I don’t have too many updates this week, but sometimes that’s a good thing! I’m in the midst of preparing for my holiday trips, some of which I will be taking PTO for and others in which I will just be working remotely. My first stop is to my parents house to celebrate Thanksgiving. We haven’t had the opportunity to celebrate Thanksgiving together as a family in a while since both my sister and I moved to California. This is the first time in what I believe is 6 or 7 years that we will be having a Thanksgiving dinner together. My dad is in charge of preparing the Thanksgiving meal, so I know it’s going to be delicious. I’m really excited for it. It’s been nice being back on the East Coast for a while and being able to visit my parents more often. My sister is also on the East Coast for a quick visit, so I’m glad the 4 four of us will get to spend some more time together.

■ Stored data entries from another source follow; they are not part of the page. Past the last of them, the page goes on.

lemma rank_JR_sum_infdist_le:
  assumes "rank_JR N loc C k W" and "finite C" and "G \<subseteq> N" and "finite G" and "c \<in> C"
  shows "(\<Sum>i\<in>G. infdist (loc i) W)
           \<le> 2 * (\<Sum>i\<in>G. dist (loc i) c) + real (card N) / real k * infdist c W"
proof -
  define T where "T = real (card N) / real k"
  define a where "a i = dist (loc i) c" for i
  define b where "b i = infdist (loc i) W" for i
  define D where "D = infdist c W"
  define B where "B = {i\<in>G. 2 * a i < b i}"
  have "B \<subseteq> G" and "finite B"
    using \<open>finite G\<close> unfolding B_def by auto
  have "(\<Sum>i\<in>B. (b i - a i) - a i) \<le> T * (D - 0)"
  proof (rule sum_interval_lengths_le[OF \<open>finite B\<close>])
    show "\<forall>i\<in>B. 0 \<le> a i \<and> a i \<le> b i - a i \<and> b i - a i \<le> D"
    proof
      fix i assume "i \<in> B"
      have "b i \<le> D + a i"
        using infdist_triangle[of "loc i" W c] unfolding a_def b_def D_def .
      then show "0 \<le> a i \<and> a i \<le> b i - a i \<and> b i - a i \<le> D"
        using \<open>i \<in> B\<close> unfolding B_def a_def by auto
    qed
    show "0 \<le> D"
      unfolding D_def by (rule infdist_nonneg)
    show "\<forall>y. real (card {i\<in>B. a i \<le> y \<and> y < b i - a i}) \<le> T"
    proof
      fix y
      have "{i\<in>B. a i \<le> y \<and> y < b i - a i} \<subseteq> {i\<in>G. a i \<le> y \<and> y < b i}"
      proof
        fix i assume "i \<in> {i\<in>B. a i \<le> y \<and> y < b i - a i}"
        moreover have "0 \<le> a i"
          by (simp add: a_def)
        ultimately show "i \<in> {i\<in>G. a i \<le> y \<and> y < b i}"
          unfolding B_def by auto
      qed
      then have "card {i\<in>B. a i \<le> y \<and> y < b i - a i} \<le> card {i\<in>G. a i \<le> y \<and> y < b i}"
        using \<open>finite G\<close> by (intro card_mono) auto
      then show "real (card {i\<in>B. a i \<le> y \<and> y < b i - a i}) \<le> T"
        using rank_JR_few_underserved[OF assms(1,2,3,5), of y]
        unfolding T_def a_def b_def by linarith
    qed
  qed
  moreover have "(\<Sum>i\<in>G - B. b i - 2 * a i) \<le> 0"
    by (intro sum_nonpos) (auto simp: B_def)
  moreover have "(\<Sum>i\<in>G. b i - 2 * a i) = (\<Sum>i\<in>B. b i - 2 * a i) + (\<Sum>i\<in>G - B. b i - 2 * a i)"
    using \<open>finite G\<close> \<open>B \<subseteq> G\<close> by (metis add.commute sum.subset_diff)
  ultimately have "(\<Sum>i\<in>G. b i - 2 * a i) \<le> T * D"
    by (simp add: algebra_simps)
  then show ?thesis
    unfolding T_def a_def b_def D_def by (simp add: sum_subtractf sum_distrib_left algebra_simps)
qed

lemma rank_JR_sum_dist_ge:
  assumes "rank_JR N loc C k W" and "finite C" and "G \<subseteq> N" and "finite G" and "c \<in> C"
  shows "(real (card G) - real (card N) / real k) * infdist c W \<le> 2 * (\<Sum>i\<in>G. dist (loc i) c)"
proof -
  define T where "T = real (card N) / real k"
  define D where "D = infdist c W"
  define L where "L = {i\<in>G. dist (loc i) c < D / 2}"
  have "L \<subseteq> G" and "finite L"
    using \<open>finite G\<close> unfolding L_def by auto
  have "L \<subseteq> {i\<in>G. dist (loc i) c \<le> D / 2 \<and> D / 2 < infdist (loc i) W}"
  proof
    fix i assume "i \<in> L"
    have "D \<le> infdist (loc i) W + dist (loc i) c"
      using infdist_triangle[of c W "loc i"] unfolding D_def by (simp add: dist_commute)
    then show "i \<in> {i\<in>G. dist (loc i) c \<le> D / 2 \<and> D / 2 < infdist (loc i) W}"
      using \<open>i \<in> L\<close> unfolding L_def by auto
  qed
  then have "card L \<le> card {i\<in>G. dist (loc i) c \<le> D / 2 \<and> D / 2 < infdist (loc i) W}"
    using \<open>finite G\<close> by (intro card_mono) auto
  then have "real (card L) < T"
    using rank_JR_few_underserved[OF assms(1,2,3,5), of "D / 2"] unfolding T_def by linarith
  then have "real (card G) - T \<le> real (card (G - L))"
    using \<open>L \<subseteq> G\<close> \<open>finite L\<close> by (simp add: card_Diff_subset of_nat_diff card_mono \<open>finite G\<close>)
  then have "(real (card G) - T) * (D / 2) \<le> real (card (G - L)) * (D / 2)"
    using infdist_nonneg[of c W] unfolding D_def by (intro mult_right_mono) auto
  also have "\<dots> = (\<Sum>i\<in>G - L. D / 2)"
    by simp
  also have "\<dots> \<le> (\<Sum>i\<in>G - L. dist (loc i) c)"
    by (intro sum_mono) (auto simp: L_def)
  also have "\<dots> \<le> (\<Sum>i\<in>G. dist (loc i) c)"
    using \<open>finite G\<close> by (intro sum_mono2) auto
  finally show ?thesis
    unfolding T_def D_def by simp
qed

lemma rank_JR_imp_transferable_core:
  assumes "rank_JR N loc C k W" and "finite N" and "finite C" and "\<gamma> > 1"
  shows "transferable_core \<gamma> (2 * \<gamma> / (\<gamma> - 1)) N loc C k W"
  unfolding transferable_core_def
proof
  define T where "T = real (card N) / real k"
  assume "\<exists>N' c. N' \<subseteq> N \<and> real (card N') \<ge> \<gamma> * real (card N) / real k \<and> c \<in> C - W \<and>
            2 * \<gamma> / (\<gamma> - 1) * (\<Sum>i\<in>N'. dist (loc i) c) < (\<Sum>i\<in>N'. infdist (loc i) W)"
  then obtain G c where "G \<subseteq> N" and "\<gamma> * T \<le> real (card G)" and "c \<in> C"
    and deviation: "2 * \<gamma> / (\<gamma> - 1) * (\<Sum>i\<in>G. dist (loc i) c) < (\<Sum>i\<in>G. infdist (loc i) W)"
    unfolding T_def by auto
  have "finite G"
    using \<open>G \<subseteq> N\<close> \<open>finite N\<close> finite_subset by blast
  define Sa where "Sa = (\<Sum>i\<in>G. dist (loc i) c)"
  define Sb where "Sb = (\<Sum>i\<in>G. infdist (loc i) W)"
  define D where "D = infdist c W"
  have upper: "Sb \<le> 2 * Sa + T * D"
    using rank_JR_sum_infdist_le[OF assms(1,3) \<open>G \<subseteq> N\<close> \<open>finite G\<close> \<open>c \<in> C\<close>]
    unfolding Sa_def Sb_def T_def D_def .
  have "(\<gamma> - 1) * T * D \<le> (real (card G) - T) * D"
    using \<open>\<gamma> * T \<le> real (card G)\<close> infdist_nonneg[of c W]
    unfolding D_def by (intro mult_right_mono) (auto simp: algebra_simps)
  also have "\<dots> \<le> 2 * Sa"
    using rank_JR_sum_dist_ge[OF assms(1,3) \<open>G \<subseteq> N\<close> \<open>finite G\<close> \<open>c \<in> C\<close>]
    unfolding Sa_def T_def D_def .
  finally have lower: "(\<gamma> - 1) * T * D \<le> 2 * Sa" .
  have "2 * \<gamma> * Sa < (\<gamma> - 1) * Sb"
    using deviation assms(4) unfolding Sa_def Sb_def by (simp add: field_simps)
  also have "\<dots> \<le> (\<gamma> - 1) * (2 * Sa + T * D)"
    using upper assms(4) by (intro mult_left_mono) auto
  also have "\<dots> \<le> 2 * \<gamma> * Sa"
    using lower by (simp add: algebra_simps)
  finally show False
    by simp
qed

theorem theorem5:
  fixes N :: "'b set" and loc :: "'b \<Rightarrow> 'a::metric_space" and C W :: "'a set" and k :: nat
  assumes "finite N" and "N \<noteq> {}" and "finite C" and "k > 0"
    and "outcome C k W"
    and "rank_JR N loc C k W"
  shows "prop_fair (1 + sqrt 2) N loc C k W
         \<and> (loc ` N \<subseteq> C \<longrightarrow> ind_fair 2 N loc k W)
         \<and> (\<forall>\<gamma>::real. \<gamma> > 1 \<longrightarrow> transferable_core \<gamma> (2 * \<gamma> / (\<gamma> - 1)) N loc C k W)"
  using rank_JR_imp_prop_fair[OF assms(6,1,3) order_refl]
    rank_JR_imp_ind_fair[OF assms(6,1,3,4)]
    rank_JR_imp_transferable_core[OF assms(6,1,3)]
  by blast

end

After Thanksgiving I will quickly but safely drive home and get ready to head to California for a bit. I’m thrilled for this because I think it is freezing n the East Coast right now and I can’t wait to be back in California for that “winter” weather. I’ll be visiting my boyfriend which I’m excited for since we currently live on two different coasts. It’s definitely been tough, but I think we’re trying all we can to make the distance feel minimal.

After visiting my boyfriend, I get to relax in my home for a few days before I have to start packing again. This year I’m spending Christmas in Spain with my boyfriend’s family. It’ll be my first year not having Christmas with my family which makes me a little sad. I do really enjoy spending time with them and being together at the holidays is always special. We’ll be doing a mini Christmas on the 21st so that we can still say that we had Christmas together!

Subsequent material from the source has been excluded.